(* Let $n\ge 1$ and let $L \subseteq \{0,1\}^n$ be a nonempty homogeneous language. Then every regular expression describing $L$ has length at least $\mathsf{Arith}(L)$, i.e. $\mathrm{rpn}(L) \geq \mathsf{Arith}(L)$.
   Context: Regular expressions over an alphabet $\Sigma$ are built from $\epsilon$ and letters $a\in\Sigma$ by union $+$, concatenation $\cdot$ and star; expressions are assumed not to contain the symbol $\emptyset$. The length $\mathrm{rpn}(R)$ of an expression $R$ is the number of nodes of its syntax tree, and for a regular language $L$, $\mathrm{rpn}(L)$ is the minimum length of an expression describing $L$. A language is homogeneous if all its words have the same length. A monotone arithmetic formula in variables $x_1,\dots,x_n$ is a rooted tree whose leaves hold a variable $x_i$ or a constant $c\in\mathbb{R}_{\ge 0}$ and whose inner nodes are addition or multiplication gates; its size is its number of nodes. It computes a polynomial $\sum_{a\in A} c_a\prod_{i=1}^n x_i^{a_i}$ with all $c_a>0$, and the finite set $A\subseteq\mathbb{N}^n$ of exponent vectors is called the set produced by the formula. For $A\subseteq \mathbb{N}^n$, $\mathsf{Arith}(A)$ is the minimum size of a monotone arithmetic formula producing exactly $A$ (coefficients are irrelevant). A word $w_1\cdots w_n\in\{0,1\}^n$ is identified with the vector $(w_1,\dots,w_n)$. *)

theory Defs
  imports Complex_Main
begin

datatype 'a rexp = Eps | Lit 'a | Plus "'a rexp" "'a rexp"
  | Times "'a rexp" "'a rexp" | Star "'a rexp"

definition conc :: "'a list set \<Rightarrow> 'a list set \<Rightarrow> 'a list set" where
  "conc A B = {u @ v | u v. u \<in> A \<and> v \<in> B}"

inductive_set kstar :: "'a list set \<Rightarrow> 'a list set" for A where
  kstar_Nil: "[] \<in> kstar A"
| kstar_app: "u \<in> A \<Longrightarrow> v \<in> kstar A \<Longrightarrow> u @ v \<in> kstar A"

fun lang :: "'a rexp \<Rightarrow> 'a list set" where
  "lang Eps = {[]}"
| "lang (Lit a) = {[a]}"
| "lang (Plus r s) = lang r \<union> lang s"
| "lang (Times r s) = conc (lang r) (lang s)"
| "lang (Star r) = kstar (lang r)"

fun rpn_size :: "'a rexp \<Rightarrow> nat" where
  "rpn_size Eps = 1"
| "rpn_size (Lit a) = 1"
| "rpn_size (Plus r s) = rpn_size r + rpn_size s + 1"
| "rpn_size (Times r s) = rpn_size r + rpn_size s + 1"
| "rpn_size (Star r) = rpn_size r + 1"

definition rpn :: "'a list set \<Rightarrow> nat" where
  "rpn L = (LEAST k. \<exists>r. lang r = L \<and> rpn_size r = k)"
text \<open>Integral over SO(3) with respect to the measure defined in the paper via Euler angles.\<close>
definition so3_integral :: "(mat3 \<Rightarrow> 'b::{banach,second_countable_topology}) \<Rightarrow> 'b" where
  "so3_integral h =
     set_lebesgue_integral lborel ({0..2*pi} \<times> {0..pi} \<times> {0..2*pi})
       (\<lambda>p. sin (fst (snd p)) *\<^sub>R h (euler (fst p) (fst (snd p)) (snd (snd p))))"

text \<open>Integral over S^2 with respect to solid angle, via spherical coordinates
  (azimuth a in [0,2pi], polar angle b in [0,pi], Jacobian sin b).\<close>
definition sph :: "real \<Rightarrow> real \<Rightarrow> vec3" where
  "sph a b = vector [cos a * sin b, sin a * sin b, cos b]"

definition sphere_integral :: "(vec3 \<Rightarrow> 'b::{banach,second_countable_topology}) \<Rightarrow> 'b" where
  "sphere_integral h =
     set_lebesgue_integral lborel ({0..2*pi} \<times> {0..pi})
       (\<lambda>p. sin (snd p) *\<^sub>R h (sph (fst p) (snd p)))"

definition Cmat :: "real \<Rightarrow> stokes_mat" where
  "Cmat t = (\<chi> i j.
      if (i = 0 \<and> j = 0) \<or> (i = 3 \<and> j = 3) then 1
      else if (i = 1 \<and> j = 1) \<or> (i = 2 \<and> j = 2) then cos (2 * t)
      else if i = 1 \<and> j = 2 then sin (2 * t)
      else if i = 2 \<and> j = 1 then - sin (2 * t)
      else 0)"

type_synonym stokes_class = "(stokes_vec \<times> mat3) set"

definition stokes_rel :: "vec3 \<Rightarrow> ((stokes_vec \<times> mat3) \<times> (stokes_vec \<times> mat3)) set" where
  "stokes_rel w = {((s, F), (s', F')). F \<in> local_frames w \<and> F' \<in> local_frames w \<and>
       (\<exists>t. F' = rot_axis w t ** F \<and> s' = Cmat t *v s)}"

definition stokes_space :: "vec3 \<Rightarrow> stokes_class set" where
  "stokes_space w = (UNIV \<times> local_frames w) // stokes_rel w"

definition stokes_cls :: "vec3 \<Rightarrow> stokes_vec \<Rightarrow> mat3 \<Rightarrow> stokes_class" where
  "stokes_cls w s F = stokes_rel w `` {(s, F)}"

definition comp :: "stokes_class \<Rightarrow> mat3 \<Rightarrow> stokes_vec" where
  "comp c F = (THE s. (s, F) \<in> c)"

definition ref_frame :: "vec3 \<Rightarrow> mat3" where
  "ref_frame w = (SOME F. F \<in> local_frames w)"

definition stokes_add :: "vec3 \<Rightarrow> stokes_class \<Rightarrow> stokes_class \<Rightarrow> stokes_class" where
  "stokes_add w c d = stokes_cls w (comp c (ref_frame w) + comp d (ref_frame w)) (ref_frame w)"

definition stokes_scale :: "vec3 \<Rightarrow> real \<Rightarrow> stokes_class \<Rightarrow> stokes_class" where
  "stokes_scale w a c = stokes_cls w (a *\<^sub>R comp c (ref_frame w)) (ref_frame w)"

definition stokes_linear :: "vec3 \<Rightarrow> vec3 \<Rightarrow> (stokes_class \<Rightarrow> stokes_class) \<Rightarrow> bool" where
  "stokes_linear wi wo N \<longleftrightarrow>
     (\<forall>c \<in> stokes_space wi. N c \<in> stokes_space wo) \<and>
     (\<forall>c \<in> stokes_space wi. \<forall>d \<in> stokes_space wi.
        N (stokes_add wi c d) = stokes_add wo (N c) (N d)) \<and>
     (\<forall>a. \<forall>c \<in> stokes_space wi. N (stokes_scale wi a c) = stokes_scale wo a (N c))"

definition stokes_sphere_integral :: "vec3 \<Rightarrow> (vec3 \<Rightarrow> stokes_class) \<Rightarrow> stokes_class" where
  "stokes_sphere_integral w h =
     stokes_cls w (sphere_integral (\<lambda>v. comp (h v) (ref_frame w))) (ref_frame w)"

definition stokes_field :: "(vec3 \<Rightarrow> stokes_class) \<Rightarrow> bool" where
  "stokes_field f \<longleftrightarrow> (\<forall>w \<in> S2. f w \<in> stokes_space w)"

definition mueller_field :: "(vec3 \<Rightarrow> vec3 \<Rightarrow> stokes_class \<Rightarrow> stokes_class) \<Rightarrow> bool" where
  "mueller_field K \<longleftrightarrow> (\<forall>wi \<in> S2. \<forall>wo \<in> S2. stokes_linear wi wo (K wi wo))"

definition mueller_matrix ::
    "vec3 \<Rightarrow> (stokes_class \<Rightarrow> stokes_class) \<Rightarrow> mat3 \<Rightarrow> mat3 \<Rightarrow> stokes_mat" where
  "mueller_matrix wi N Fi Fo = (THE M. \<forall>c \<in> stokes_space wi. comp (N c) Fo = M *v comp c Fi)"

definition induced_op ::
    "(vec3 \<Rightarrow> vec3 \<Rightarrow> stokes_class \<Rightarrow> stokes_class) \<Rightarrow> (vec3 \<Rightarrow> stokes_class) \<Rightarrow> vec3 \<Rightarrow> stokes_class" where
  "induced_op K f wo = stokes_sphere_integral wo (\<lambda>wi. K wi wo (f wi))"

definition rot_form :: "(vec3 \<Rightarrow> stokes_class) \<Rightarrow> mat3 \<Rightarrow> stokes_vec" where
  "rot_form f R = comp (f (R *v zg)) (R ** global_frame)"

definition rot_form_K ::
    "(vec3 \<Rightarrow> vec3 \<Rightarrow> stokes_class \<Rightarrow> stokes_class) \<Rightarrow> mat3 \<Rightarrow> mat3 \<Rightarrow> stokes_mat" where
  "rot_form_K K Ri Ro =
     mueller_matrix (Ri *v zg) (K (Ri *v zg) (Ro *v zg)) (Ri ** global_frame) (Ro ** global_frame)"

end

theory Submission
  imports Defs
begin

(* Fix R_o and put w_o = R_o z. The Mueller matrix represents K(w_i, w_o) in the frames R_i and
   R_o, so the integrand K(R_i, R_o) f(R_i) equals the component vector [K(w_i, w_o) f(w_i)]^{R_o}
   with w_i = R_i z. Written in Euler angles R_i = R_z(a) R_y(b) R_z(c), this depends only on
   w_i = sph(a, b); integrating out c yields the factor 2 pi and leaves the solid-angle integral.
   On the other side, the components of the integral of K f in any frame at w_o are the integral of
   the components, because passing from one frame at w_o to another multiplies every component
   vector by the same invertible matrix C(t). *)

section \<open>Rotations and local frames\<close>

lemma SO3_iff_rotation_matrix: "R \<in> SO3 \<longleftrightarrow> rotation_matrix R"
  by (simp add: SO3_def rotation_matrix_def)

lemma SO3_mul: "A \<in> SO3 \<Longrightarrow> B \<in> SO3 \<Longrightarrow> A ** B \<in> SO3"
  by (simp add: SO3_def orthogonal_matrix_mul det_mul)
(* Let $I$ be an ideal of $\mathbb{S}_n$ ($n\ge1$). The following are equivalent: (1) $\mathbb{S}_n/I$ is left Noetherian; (2) $\mathbb{S}_n/I$ is right Noetherian; (3) $\mathbb{S}_n/I$ is commutative; (4) $\mathfrak a_n\subseteq I$, i.e. $I$ contains all the height one primes $\mathfrak p_1,\dots,\mathfrak p_n$ of $\mathbb{S}_n$.
   Context: $K$ is a field. $\mathbb{S}_n$ is the $K$-algebra generated by $x_1,\dots,x_n,y_1,\dots,y_n$ subject to the defining relations $y_ix_i=1$ for all $i$, and $[x_i,y_j]=[x_i,x_j]=[y_i,y_j]=0$ for all $i\ne j$. For each $i$, $\mathbb{S}_1(i)$ is the subalgebra generated by $x_i,y_i$, and $\mathbb{S}_n=\mathbb{S}_1(1)\otimes\cdots\otimes\mathbb{S}_1(n)$. $F(i)=\bigoplus_{k,l\in\mathbb N}K(x_i^ky_i^l-x_i^{k+1}y_i^{l+1})$ is an ideal of $\mathbb{S}_1(i)$. Define $\mathfrak p_i=\mathbb{S}_1(1)\otimes\cdots\otimes F(i)\otimes\cdots\otimes\mathbb{S}_1(n)$ ($F(i)$ in the $i$-th factor); these are exactly the height one primes of $\mathbb{S}_n$. Set $\mathfrak a_n=\mathfrak p_1+\cdots+\mathfrak p_n$, so that $\mathbb{S}_n/\mathfrak a_n\cong K[x_1^{\pm1},\dots,x_n^{\pm1}]$. *)

theory Defs
  imports "HOL-Algebra.QuotRing"
begin

text \<open>S_1 = K<x,y | yx = 1> has the K-basis of normal words x^k y^l (k,l in nat).
  A basis word x^k y^l is encoded as the pair (k,l). Multiplication of basis words:
  x^a y^b * x^c y^d = x^(a + c - min b c) y^(b + d - min b c) (this is the bicyclic monoid).\<close>

definition bmul :: "nat \<times> nat \<Rightarrow> nat \<times> nat \<Rightarrow> nat \<times> nat" where
  "bmul p q = (fst p + fst q - min (snd p) (fst q), snd p + snd q - min (snd p) (fst q))"

text \<open>S_n = S_1(1) (x) ... (x) S_1(n). Its basis words are tuples of S_1-words; the
  tensor factors are indexed by 0,...,n-1 (factor i here is the paper's factor i+1).\<close>

type_synonym word = "nat \<Rightarrow> nat \<times> nat"

definition words :: "nat \<Rightarrow> word set" where
  "words n = {m. \<forall>i\<ge>n. m i = (0, 0)}"

definition wmul :: "word \<Rightarrow> word \<Rightarrow> word" where
  "wmul m m' = (\<lambda>i. bmul (m i) (m' i))"
lemma inverse_powr_mult_le_decoupled_ordered:
  fixes X Y D \<alpha> \<beta> \<delta> :: real
  assumes "1 \<le> Y" "Y \<le> X" "0 < D" "D \<le> 2 * X"
    and "0 \<le> \<beta>" "\<beta> + \<delta> = 2 * \<alpha>" "\<alpha> \<le> \<delta>"
  shows "1 / (X powr \<alpha> * Y powr \<alpha>) \<le> 2 powr \<beta> * D powr (-\<beta>) * Y powr (-\<delta>)"
proof -
  have X: "1 \<le> X" using assms by linarith
  have "D powr \<beta> \<le> (2 * X) powr \<beta>" using assms by (intro powr_mono2) auto
  also have "\<dots> = 2 powr \<beta> * X powr \<beta>" using X by (simp add: powr_mult)
  finally have D_le: "D powr \<beta> \<le> 2 powr \<beta> * X powr \<beta>" .
  have "X powr \<beta> * Y powr \<delta> = X powr \<beta> * Y powr (\<delta> - \<alpha>) * Y powr \<alpha>"
    by (simp add: powr_add[symmetric])
  also have "\<dots> \<le> X powr \<beta> * X powr (\<delta> - \<alpha>) * Y powr \<alpha>"
    using assms by (intro mult_right_mono mult_left_mono powr_mono2) auto
  also have "\<dots> = X powr \<alpha> * Y powr \<alpha>"
    using assms by (simp add: powr_add[symmetric] add_diff_eq)
  finally have XY: "X powr \<beta> * Y powr \<delta> \<le> X powr \<alpha> * Y powr \<alpha>" .
  have "D powr \<beta> * Y powr \<delta> \<le> 2 powr \<beta> * X powr \<beta> * Y powr \<delta>"
    using D_le by (intro mult_right_mono) auto
  also have "\<dots> \<le> 2 powr \<beta> * (X powr \<alpha> * Y powr \<alpha>)"
    unfolding mult.assoc by (intro mult_left_mono XY) auto
  finally have "D powr \<beta> * Y powr \<delta> \<le> 2 powr \<beta> * (X powr \<alpha> * Y powr \<alpha>)" .
  then show ?thesis using assms X by (simp add: powr_minus field_simps)
qed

______________________________

What this task involves:
Look above for the line holding "wo N \<longleftrightarrow>". Print it and every line after it, exactly, through the line holding "K \<longleftrightarrow> (\<forall>wi".

Answer section:
  "stokes_linear wi wo N \<longleftrightarrow>
     (\<forall>c \<in> stokes_space wi. N c \<in> stokes_space wo) \<and>
     (\<forall>c \<in> stokes_space wi. \<forall>d \<in> stokes_space wi.
        N (stokes_add wi c d) = stokes_add wo (N c) (N d)) \<and>
     (\<forall>a. \<forall>c \<in> stokes_space wi. N (stokes_scale wi a c) = stokes_scale wo a (N c))"

definition stokes_sphere_integral :: "vec3 \<Rightarrow> (vec3 \<Rightarrow> stokes_class) \<Rightarrow> stokes_class" where
  "stokes_sphere_integral w h =
     stokes_cls w (sphere_integral (\<lambda>v. comp (h v) (ref_frame w))) (ref_frame w)"

definition stokes_field :: "(vec3 \<Rightarrow> stokes_class) \<Rightarrow> bool" where
  "stokes_field f \<longleftrightarrow> (\<forall>w \<in> S2. f w \<in> stokes_space w)"

definition mueller_field :: "(vec3 \<Rightarrow> vec3 \<Rightarrow> stokes_class \<Rightarrow> stokes_class) \<Rightarrow> bool" where
  "mueller_field K \<longleftrightarrow> (\<forall>wi \<in> S2. \<forall>wo \<in> S2. stokes_linear wi wo (K wi wo))"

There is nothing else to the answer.